At the moment I'm just extending the RDPAccountant and implementing a manual_compose function which allows me to manually compose for a given range of orders, but I don't think this is intended either.

pritkamath commented 1 year ago

Thanks for your question. While it might be possible to define a DpEvent for this mechanism and have the RdpAccountant support it, given the specialized nature of the mechanism, we don't have it on our roadmap to support such a DpEvent.

There are two approaches that we can see that you could use with the library as it exists today:

  1. (Simple, but loose) You could simply compose the two steps in Confident-GNMax Aggregator, each of which corresponds to a GaussianDpEvent. This approach does not exploit the data-dependent accounting given in the paper.

  2. (Complex, but tighter) Write a standalone method to compute the RDP bound for any given order, as given in the paper, and use the compute_epsilon method in the library to translate the RDP bound to $(\varepsilon, \delta)$; bypassing the need to create any DpEvent.

We hope this helps. Please let us know if you would like any further clarification on the same.

miracvbasaran commented 1 year ago

Closing this issue, please feel free to reopen if you have any questions & concerns!

ssabdb commented 1 year ago

Thanks for the response, and apologies for the lack of response over the holiday season.
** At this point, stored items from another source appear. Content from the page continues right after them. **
(* Suppose that for every $e\in E$ the restriction $p_e|_{K_{i(e)}}$ is Dini-continuous and that there exists $\delta>0$ with $p_e|_{K_{i(e)}}\ge\delta$ for all $e\in E$. Let $x_i\in K_i$ for all $1\le i\le N$ and $x\in K$. Then for every integer $m\le 0$ the measure $P^m_x$ is absolutely continuous with respect to $P^m_{x_1\dots x_N}$ on $(\Sigma,\mathcal{A}_m)$.
   Context: A contractive Markov system (CMS) with average contracting rate $0<a<1$ consists of: a finite directed multigraph $(V,E,i,t)$ with vertex set $V=\{1,\dots,N\}$, finite edge set $E$, and maps $i,t:E\to V$ giving the initial and terminal vertex of each edge; a complete metric space $(K,d)$ partitioned into non-empty Borel sets $K_1,\dots,K_N$; Borel measurable maps $w_e:K\to K$ ($e\in E$) with $w_e(K_{i(e)})\subset K_{t(e)}$; Borel measurable functions $p_e:K\to[0,\infty)$ with $\sum_{e\in E}p_e(x)=1$ for all $x\in K$ and $p_e=0$ on $K\setminus K_{i(e)}$; and such that $\sum_{e\in E}p_e(x)d(w_ex,w_ey)\leq a\,d(x,y)$ for all $x,y\in K_j$, $j=1,\dots,N$. A function $f:(X,d)\to\mathbb{R}$ is Dini-continuous if $\int_0^c\frac{\phi(t)}{t}dt<\infty$ for some $c>0$, where $\phi(t):=\sup\{|f(x)-f(y)|:d(x,y)\le t,\ x,y\in X\}$ is its modulus of uniform continuity. Let $\Sigma:=E^{\mathbb{Z}}$. For $m\le n$ the cylinder $_m[e_m,\dots,e_n]:=\{\sigma\in\Sigma:\sigma_j=e_j,\ m\le j\le n\}$. For an integer $m\le 1$, $\mathcal{A}_m$ is the $\sigma$-algebra generated by the cylinders $_m[e_m,\dots,e_n]$, $n\ge m$. For $x\in K$, $P^m_x$ is the probability measure on $(\Sigma,\mathcal{A}_m)$ with $P^m_x(_m[e_m,\dots,e_n])=p_{e_m}(x)\,p_{e_{m+1}}(w_{e_m}x)\cdots p_{e_n}(w_{e_{n-1}}\circ\cdots\circ w_{e_m}x)$. For fixed $x_i\in K_i$, $P^m_{x_1\dots x_N}:=\int P^m_y\,d\big(\frac1N\sum_{i=1}^N\delta_{x_i}\big)(y)=\frac1N\sum_{i=1}^N P^m_{x_i}$. *)

theory Defs
  imports "HOL-Analysis.Analysis"
begin

text \<open>Contractive Markov system. The complete metric space (K,d) is the type 'a of class
complete_space (K = UNIV, d = dist), the vertices are 1..N, the edge set is E :: 'e set.\<close>

definition cms ::
  "nat \<Rightarrow> 'e set \<Rightarrow> ('e \<Rightarrow> nat) \<Rightarrow> ('e \<Rightarrow> nat) \<Rightarrow> (nat \<Rightarrow> 'a::complete_space set)
   \<Rightarrow> ('e \<Rightarrow> 'a \<Rightarrow> 'a) \<Rightarrow> ('e \<Rightarrow> 'a \<Rightarrow> real) \<Rightarrow> real \<Rightarrow> bool" where
  "cms N E i t K w p a \<longleftrightarrow>
     finite E \<and>
     (\<forall>e\<in>E. i e \<in> {1..N} \<and> t e \<in> {1..N}) \<and>
     (\<forall>j\<in>{1..N}. K j \<noteq> {} \<and> K j \<in> sets borel) \<and>
     (\<forall>j\<in>{1..N}. \<forall>k\<in>{1..N}. j \<noteq> k \<longrightarrow> K j \<inter> K k = {}) \<and>
     (\<Union>j\<in>{1..N}. K j) = UNIV \<and>
     (\<forall>e\<in>E. w e \<in> borel_measurable borel \<and> w e ` K (i e) \<subseteq> K (t e)) \<and>
     (\<forall>e\<in>E. p e \<in> borel_measurable borel \<and> (\<forall>x. p e x \<ge> 0) \<and>
              (\<forall>x. x \<notin> K (i e) \<longrightarrow> p e x = 0)) \<and>
     (\<forall>x. (\<Sum>e\<in>E. p e x) = 1) \<and>
     0 < a \<and> a < 1 \<and>
     (\<forall>j\<in>{1..N}. \<forall>x\<in>K j. \<forall>y\<in>K j.
        (\<Sum>e\<in>E. p e x * dist (w e x) (w e y)) \<le> a * dist x y)"

text \<open>Modulus of uniform continuity of f on S (values in extended nonnegative reals,
so that an infinite supremum is allowed) and Dini continuity of f restricted to S.\<close>

definition modulus :: "'a::metric_space set \<Rightarrow> ('a \<Rightarrow> real) \<Rightarrow> real \<Rightarrow> ennreal" where
  "modulus S f r = (SUP xy \<in> {(x, y). x \<in> S \<and> y \<in> S \<and> dist x y \<le> r}.
                       ennreal \<bar>f (fst xy) - f (snd xy)\<bar>)"

definition dini_continuous_on :: "'a::metric_space set \<Rightarrow> ('a \<Rightarrow> real) \<Rightarrow> bool" where
  "dini_continuous_on S f \<longleftrightarrow>
     (\<exists>c>0. (\<integral>\<^sup>+ r \<in> {0<..c}. modulus S f r / ennreal r \<partial>lborel) < \<infinity>)"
I've decided to implement #2 and it works well enough, thankyou. I assume there's no way of "injecting" an already known/computed DpEvent for a known privacy so I can continue to use some other features of this library?

Understood the decision not to support specialized DpEvent mechanism like this one, but the ability to inject a known, precomputed privacy loss feels like it could be useful in other similar situations.

Otherwise, thankyou for the pointers.